▸ PROBLEM DESCRIPTION:
State how many lines in the entries below hold the string "using", and give nothing besides that number.

▸ Collected data entries:

lemma seg_count_step:
  assumes "read_before p' p" "p' \<in> boxes lam mu" "read_before p' x"
  shows "seg_count v p + (if T p' = v then 1 else 0) \<le> seg_count v p'"
proof -
  have sub: "segment p \<subseteq> segment p'"
    unfolding segment_def using assms(1) read_before_trans by blast
  have new: "p' \<in> segment p'" "p' \<notin> segment p"
    using assms read_before_irrefl by (auto simp: segment_def)
  show ?thesis
  proof (cases "T p' = v")
    case True
    have "insert p' {q \<in> segment p. T q = v} \<subseteq> {q \<in> segment p'. T q = v}"
      using sub new True by blast
    from card_mono[OF _ this] new True show ?thesis
      by (simp add: seg_count_def finite_segment)
  next
    case False
    have "{q \<in> segment p. T q = v} \<subseteq> {q \<in> segment p'. T q = v}"
      using sub by blast
    from card_mono[OF _ this] False show ?thesis
      by (simp add: seg_count_def finite_segment)
  qed
qed

lemma segment_i_in_row_of_x:
  assumes "x = (r, c)" "(r + 1, c') \<in> boxes lam mu" "2 * i < T (r + 1, c')"
    and q: "q \<in> segment (r + 1, c')" "T q = 2 * i"
  shows "fst q = r" "snd q < c"
proof -
  obtain a b where qe: "q = (a, b)" by (cases q)
  with q assms(1) have qb: "(a, b) \<in> boxes lam mu"
    and "a = r \<and> b < c \<or> a = r + 1 \<and> c' \<le> b"
    by (auto simp: segment_def read_before_def)
  moreover have "\<not> (a = r + 1 \<and> c' \<le> b)"
    using tableau_row_mono[OF tab assms(2), of b] assms(3) q(2) qb qe by auto
  ultimately show "fst q = r" "snd q < c"
    using qe by auto
qed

▸ WRITTEN REPLY:
6